5 steps for evaluating radiology AI applications
Radiology artificial intelligence (AI) continues to gain traction in medical imaging, promising enhanced detection and improved workflow efficiency. However, selecting the right AI tool requires careful evaluation. Jason Poff, MD, a radiologist at Greensboro Radiology and the director of innovation deployment for AI at Radiology Partners, outlined a five-step AI model validation process designed to assess medical imaging tools effectively.
"If we want our radiologists to be excited about an AI tool and to engage with it, we ought to measure things that are relevant to them. And so the real purpose of this five-step process was to look at these AI models through the lens of a radiologist, because value is in their eyes. We focus on trying to generate some metrics that might predict whether they'll like an AI tool, whether they'll use it and whether they'll get the most value out of it so that patients benefit, so health systems actually get value out of these tools," Poff explained.
He said practices and hospitals that do not do this type of critical AI evaluation often find the radiologists do not use the products once they are implemented.
Poff spoke with Health Imaging at the Radiological Society of North America (RSNA) 2024.
The five-step AI model validation process
Poff’s approach focuses on ensuring that AI models provide meaningful value to radiologists while minimizing drawbacks. The five key steps in his evaluation process include:
1. Performance statistics: This step involves assessing the accuracy and efficiency of the AI tool based on standard statistical metrics, ensuring that it meets baseline expectations for clinical use.
2. AI-enhanced detection rate: A crucial metric, this determines whether the AI tool helps radiologists detect findings that they might have otherwise missed, thereby improving diagnostic performance.
3. Wow cases: These are instances where the AI tool significantly enhances diagnostic capabilities, providing clear and impactful examples of its effectiveness.
4. AI pitfalls: Understanding the limitations and potential weaknesses of the AI model helps radiologists navigate its shortcomings and avoid misdiagnoses.
5. Gain-to-pain ratio: The final step evaluates whether the benefits of the AI tool outweigh the challenges of its implementation, such as workflow disruptions or false positives.

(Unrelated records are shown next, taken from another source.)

(* Let $\mathcal{LS}_{\mathfrak{A}_2}\langle X\rangle$ be the free algebra over a field of characteristic $0$ in the variety of left-symmetric algebras satisfying $a(bc)+b(ac)+a(cb)+c(ab)+b(ca)+c(ba)=0$, and equip it with the commutator $[a,b]=ab-ba$. Then every polynomial identity of degree at most $4$ satisfied by $(\mathcal{LS}_{\mathfrak{A}_2}\langle X\rangle,[\cdot,\cdot])$ is a consequence of anticommutativity and the Jacobi identity.
   Context: A left-symmetric algebra is an algebra with $(a,b,c)=(b,a,c)$, where $(a,b,c)=(ab)c-a(bc)$. *)

theory Defs
  imports Main "HOL-Library.Poly_Mapping"
begin

datatype nmon = X nat | M nmon nmon

fun mdeg :: "nmon \<Rightarrow> nat" where
  "mdeg (X i) = 1"
| "mdeg (M a b) = mdeg a + mdeg b"

type_synonym 'k napoly = "nmon \<Rightarrow>\<^sub>0 'k"

definition nsmult :: "'k::field \<Rightarrow> 'k napoly \<Rightarrow> 'k napoly" where
  "nsmult c p = Poly_Mapping.map (\<lambda>a. c * a) p"

definition nvar :: "nat \<Rightarrow> 'k::field napoly" where
  "nvar i = Poly_Mapping.single (X i) 1"

definition nmult :: "'k::field napoly \<Rightarrow> 'k napoly \<Rightarrow> 'k napoly" where
  "nmult p q = (\<Sum>s\<in>Poly_Mapping.keys p. \<Sum>t\<in>Poly_Mapping.keys q.
                  Poly_Mapping.single (M s t) (Poly_Mapping.lookup p s * Poly_Mapping.lookup q t))"

definition ncomm :: "'k::field napoly \<Rightarrow> 'k napoly \<Rightarrow> 'k napoly" where
  "ncomm p q = nmult p q - nmult q p"

fun mon_eval :: "('k napoly \<Rightarrow> 'k napoly \<Rightarrow> 'k napoly) \<Rightarrow> (nat \<Rightarrow> 'k napoly) \<Rightarrow> nmon \<Rightarrow> 'k::field napoly" where
  "mon_eval \<mu> \<sigma> (X i) = \<sigma> i"
| "mon_eval \<mu> \<sigma> (M a b) = \<mu> (mon_eval \<mu> \<sigma> a) (mon_eval \<mu> \<sigma> b)"

definition poly_eval :: "('k napoly \<Rightarrow> 'k napoly \<Rightarrow> 'k napoly) \<Rightarrow> (nat \<Rightarrow> 'k napoly) \<Rightarrow> 'k napoly \<Rightarrow> 'k::field napoly" where
  "poly_eval \<mu> \<sigma> f = (\<Sum>t\<in>Poly_Mapping.keys f. nsmult (Poly_Mapping.lookup f t) (mon_eval \<mu> \<sigma> t))"

abbreviation subst :: "(nat \<Rightarrow> 'k napoly) \<Rightarrow> 'k napoly \<Rightarrow> 'k::field napoly" where
  "subst \<sigma> f \<equiv> poly_eval nmult \<sigma> f"

text \<open>The T-ideal of k{X} generated by a set S of polynomials: the smallest
  two-sided ideal containing all substitution instances of elements of S.
  f is a consequence of the identities S iff f lies in this T-ideal.\<close>
inductive_set Tideal :: "'k::field napoly set \<Rightarrow> 'k napoly set" for S where
  gen: "s \<in> S \<Longrightarrow> subst \<sigma> s \<in> Tideal S"
| zero: "0 \<in> Tideal S"
| add: "p \<in> Tideal S \<Longrightarrow> q \<in> Tideal S \<Longrightarrow> p + q \<in> Tideal S"
| smult: "p \<in> Tideal S \<Longrightarrow> nsmult c p \<in> Tideal S"
| multl: "p \<in> Tideal S \<Longrightarrow> nmult q p \<in> Tideal S"
| multr: "p \<in> Tideal S \<Longrightarrow> nmult p q \<in> Tideal S"

abbreviation x0 where "x0 \<equiv> nvar 0"
abbreviation x1 where "x1 \<equiv> nvar 1"
abbreviation x2 where "x2 \<equiv> nvar 2"

definition nassoc :: "'k::field napoly \<Rightarrow> 'k napoly \<Rightarrow> 'k napoly \<Rightarrow> 'k napoly" where
  "nassoc a b c = nmult (nmult a b) c - nmult a (nmult b c)"

definition LS_A2_ids :: "'k::field napoly set" where
  "LS_A2_ids = {nassoc x0 x1 x2 - nassoc x1 x0 x2,
     nmult x0 (nmult x1 x2) + nmult x1 (nmult x0 x2) + nmult x0 (nmult x2 x1)
     + nmult x2 (nmult x0 x1) + nmult x1 (nmult x2 x0) + nmult x2 (nmult x1 x0)}"

definition Lie_ids :: "'k::field napoly set" where
  "Lie_ids = {nmult x0 x1 + nmult x1 x0,
     nmult (nmult x0 x1) x2 + nmult (nmult x1 x2) x0 + nmult (nmult x2 x0) x1}"

text \<open>The free LS_{A_2} algebra is k{X} / Tideal LS_A2_ids.  A polynomial f
  is an identity of (LS_{A_2}<X>, [.,.]) iff for all elements
  \<sigma> i + Tideal LS_A2_ids of the free algebra, evaluating f with the product
  read as the commutator gives 0, i.e. the evaluation lies in the T-ideal.\<close>
definition is_comm_identity_of_free_LSA2 :: "'k::field napoly \<Rightarrow> bool" where
  "is_comm_identity_of_free_LSA2 f \<longleftrightarrow>
     (\<forall>\<sigma>. poly_eval ncomm \<sigma> f \<in> Tideal LS_A2_ids)"

end

theory Submission
  imports Defs
begin

(* Write [t] for the evaluation of a monomial t with the product read as the commutator, and
   L, I for the T-ideals generated by Lie_ids and by LS_A2_ids.  We construct an explicit
   linear map psi on k{X}, zero above degree 4, such that
     (i)  psi maps I into L, and
     (ii) psi [t] = 12 t modulo L for every monomial t of degree at most 4.
   For an identity f of degree at most 4 the evaluation [f] lies in I, hence
   12 f = psi [f] = 0 modulo L, and f lies in L because 12 is invertible.
   Since I is spanned by the instances of the two defining identities at monomials inside
   multiplicative contexts, and psi vanishes above degree 4, both (i) and (ii) reduce, up to
   renaming of variables, to finitely many equalities between integer combinations of
   monomials.  Each of them is checked by computation against an explicit certificate that
   writes the difference as a combination of instances of anticommutativity and of the
   Jacobi identity in contexts. *)

section \<open>Linear algebra in the free nonassociative algebra\<close>

lemma lookup_nsmult [simp]: "Poly_Mapping.lookup (nsmult c p) t = c * Poly_Mapping.lookup p t"
  unfolding nsmult_def by (simp add: map.rep_eq when_def)

lemma nsmult_add_right: "nsmult c (p + q) = nsmult c p + nsmult c q"
  by (rule poly_mapping_eqI) (simp add: lookup_add algebra_simps)

lemma nsmult_add_left: "nsmult (a + b) p = nsmult a p + nsmult b p"
  by (rule poly_mapping_eqI) (simp add: lookup_add algebra_simps)

lemma nsmult_diff_right: "nsmult c (p - q) = nsmult c p - nsmult c q"
  by (rule poly_mapping_eqI) (simp add: lookup_minus algebra_simps)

Implementation AI in practice
Poff emphasized the importance of investing time and expertise in AI evaluation before deployment. At Radiology Partners, a team of data scientists, IT experts and physician leaders collaborate to conduct retrospective analyses of AI models. By simulating how AI tools would have performed in past cases, they predict their real-world impact on patient care and radiologist efficiency.
"Basically we do all the work upfront. We actually spend a lot of time and effort before we ever put these tools into production, before they ever touch a patient," Poff explained.
He said they perform what they call a "retrospective look back," where they look at patient cases from a few months earlier with the AI. They also imagine what might have happened if their radiologist had access to the new AI tool. He said these tests help gain a deeper understanding of how the AI works and validates its accuracy and its ability to help the radiologist.
"We like to measure what the potential upside of how much we could elevate their standard of care if they had had these AI tools," he explained.
Not all AI models make the cut
Despite FDA clearance being a prerequisite for consideration, not all AI models meet the threshold for deployment. Poff shared an example of a pneumothorax detection AI that, while capable of identifying collapsed lungs, failed to add value because radiologists were already identifying those cases independently. Another example is if an algorithm tends to be wrong more often than it is correct, that quickly builds distrust of the AI and radiologists will not use it.
"Ultimately, it comes down to a human radiologist sitting at the workstation saying, 'I feel like I'm getting value out of this tool.' If they don't feel that way, they're very quick to put it to the side and ignore it," Poff said.
If an AI enhances detection rates, that is a specific metric that might be able to elevate care for patients. However, if he does not see that, then it causes pause before they consider investing time and dollars into that. But, Poff said there are other ways you can get value from an AI tool.
"It can help appropriately bring some patients to the top of the worklist, especially these days when we've got a lot of patients needing care. It can be valuable for that triage benefit alone," Poff said.
Tailoring AI to specific practice needs
Poff highlighted that AI’s value varies based on the nature of a radiology practice. Hospitals with emergency departments may prioritize AI tools for stroke detection, while outpatient practices might find greater value in tools designed for chronic disease monitoring.
“There’s no one-size-fits-all AI solution,” he said. “Even a basic evaluation can help determine whether an AI model aligns with the specific needs of a radiology group.”
For smaller radiology practices lacking dedicated AI evaluation teams, Poff recommends appointing an AI champion—someone responsible for understanding AI tools and their potential impact. This may require dedicating time for that person to become an AI expert and do the research on AI that is relevant to that practice. He also suggests leveraging commercial consulting firms that specialize in AI assessment.